Klein is an unincorporated community in Harris County, Texas, United States, roughly bordering SH 99 to the north, SH 249 to the west, I-45 to the east, and the city of Houston to the south. It includes the entire area of Klein ISD. Residents of the zip codes 77066, 77069, 77086, 77379, 77388, 77389, and 77391 can use Klein as their postal city. Klein is one of the largest and most diverse unincorporated areas of Houston.

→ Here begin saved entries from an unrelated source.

locale symmetric_eigenbasis =
  fixes n :: nat and J :: "real mat" and lam :: "nat \<Rightarrow> real" and v :: "nat \<Rightarrow> real vec"
  assumes carrier: "J \<in> carrier_mat n n"
    and symmetric: "\<And>i j. i < n \<Longrightarrow> j < n \<Longrightarrow> J $$ (i,j) = J $$ (j,i)"
    and eigenvector: "\<And>j. j < n \<Longrightarrow> eigenvector J (v j) (lam j)"
    and eigenvalues_distinct: "\<And>j k. j < n \<Longrightarrow> k < n \<Longrightarrow> j \<noteq> k \<Longrightarrow> lam j \<noteq> lam k"
begin

lemma eigenvector_carrier: "j < n \<Longrightarrow> v j \<in> carrier_vec n"
  using eigenvector carrier unfolding eigenvector_def by auto

lemma scalar_prod_eigenvectors: "k < n \<Longrightarrow> v j \<bullet> v k = (\<Sum>i<n. v j $ i * v k $ i)"
  using eigenvector_carrier[of k] by (simp add: scalar_prod_def atLeast0LessThan carrier_vecD)

lemma eigen_equation:
  assumes "j < n" "i < n"
  shows "(\<Sum>l<n. J $$ (i,l) * v j $ l) = lam j * v j $ i"
proof -
  have "(J *\<^sub>v v j) $ i = (lam j \<cdot>\<^sub>v v j) $ i"
    using eigenvector[OF assms(1)] unfolding eigenvector_def by simp
  thus ?thesis using assms carrier eigenvector_carrier[OF assms(1)]
    by (simp add: scalar_prod_def atLeast0LessThan)
qed

lemma eigenvector_sqnorm_pos: "j < n \<Longrightarrow> v j \<bullet> v j > 0"
  using eigenvector[of j] eigenvector_carrier[of j] carrier
  by (auto simp: eigenvector_def simp flip: conjugate_square_greater_0_vec)

lemma eigenvectors_orthogonal:
  assumes "j < n" "k < n" "j \<noteq> k"
  shows "v j \<bullet> v k = 0"
proof -
  have "transpose_mat J = J"
    using carrier symmetric by (intro eq_matI) auto
  hence "(J *\<^sub>v v j) \<bullet> v k = v j \<bullet> (J *\<^sub>v v k)"
    using transpose_vec_mult_scalar[OF carrier, of "v k" "v j"] eigenvector_carrier assms by simp
  hence "lam j * (v j \<bullet> v k) = lam k * (v j \<bullet> v k)"
    using eigenvector[OF assms(1)] eigenvector[OF assms(2)]
      eigenvector_carrier[OF assms(1)] eigenvector_carrier[OF assms(2)]
    unfolding eigenvector_def by simp
  thus ?thesis using eigenvalues_distinct[OF assms] by simp
qed

lemma eigenbasis_complete:
  assumes "i < n" "l < n"
  shows "(\<Sum>j<n. v j $ i * v j $ l / (v j \<bullet> v j)) = (if i = l then 1 else 0)"
proof -
  define V where "V = mat n n (\<lambda>(i,j). v j $ i)"
  define N where "N j = v j \<bullet> v j" for j
  define W where "W = mat n n (\<lambda>(j,l). v j $ l / N j)"
  have V: "V \<in> carrier_mat n n" and W: "W \<in> carrier_mat n n"
    unfolding V_def W_def by auto
  have "W * V = 1\<^sub>m n"
  proof (rule eq_matI)
    fix j k assume "j < dim_row (1\<^sub>m n :: real mat)" "k < dim_col (1\<^sub>m n :: real mat)"
    hence jk: "j < n" "k < n" by auto
    have "(W * V) $$ (j,k) = (\<Sum>l<n. v j $ l * v k $ l) / N j"
      using jk by (simp add: V_def W_def scalar_prod_def atLeast0LessThan sum_divide_distrib)
    also have "\<dots> = (v j \<bullet> v k) / (v j \<bullet> v j)"
      using jk by (simp add: N_def scalar_prod_eigenvectors)
    finally show "(W * V) $$ (j,k) = 1\<^sub>m n $$ (j,k)"
      using jk eigenvectors_orthogonal eigenvector_sqnorm_pos[of j] by auto
  qed (auto simp: V_def W_def)
  hence "V * W = 1\<^sub>m n" using mat_mult_left_right_inverse[OF W V] by simp
  hence "(V * W) $$ (i,l) = (if i = l then 1 else 0)" using assms by simp
  thus ?thesis using assms by (simp add: V_def W_def N_def scalar_prod_def atLeast0LessThan)
qed

lemma power_entry_spectral:
  assumes "i < n" "l < n"
  shows "(J ^\<^sub>m k) $$ (i,l) = (\<Sum>j<n. v j $ i * v j $ l / (v j \<bullet> v j) * lam j ^ k)"
  using assms
proof (induction k arbitrary: l)
  case 0
  then show ?case using carrier eigenbasis_complete[OF assms(1) 0(2)] by simp
next
  case (Suc k)
  have "(J ^\<^sub>m Suc k) $$ (i,l) = (\<Sum>p<n. (J ^\<^sub>m k) $$ (i,p) * J $$ (l,p))"
    using Suc.prems carrier symmetric by (simp add: scalar_prod_def atLeast0LessThan)
  also have "\<dots> = (\<Sum>p<n. \<Sum>j<n. v j $ i / (v j \<bullet> v j) * lam j ^ k * (J $$ (l,p) * v j $ p))"
    using Suc.prems by (intro sum.cong refl) (simp add: Suc.IH sum_distrib_left sum_distrib_right mult_ac)
  also have "\<dots> = (\<Sum>j<n. v j $ i / (v j \<bullet> v j) * lam j ^ k * (\<Sum>p<n. J $$ (l,p) * v j $ p))"
    by (subst sum.swap) (simp add: sum_distrib_left)
  also have "\<dots> = (\<Sum>j<n. v j $ i * v j $ l / (v j \<bullet> v j) * lam j ^ Suc k)"
    using Suc.prems by (intro sum.cong refl) (simp add: eigen_equation)
  finally show ?case .
qed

It is named after Adam Klein, a German immigrant whose best-known great-great-grandson is singer Lyle Lovett. Other famous sons and daughters of the Klein community include actor Jim Parsons, actor Lee Pace, actor Matthew Bomer, actress Lynn Collins, actress Sherry Stringfield, singer/songwriter Derek Webb, actor Ben Rappaport, director of photography David Klein, Major League Baseball players David Murphy and Josh Barfield, NFL players Randy Bullock, Ashton Youboty, Mike Green, and Olympic gold medalists Laura Wilkinson, Simone Biles, and Chad Hedrick.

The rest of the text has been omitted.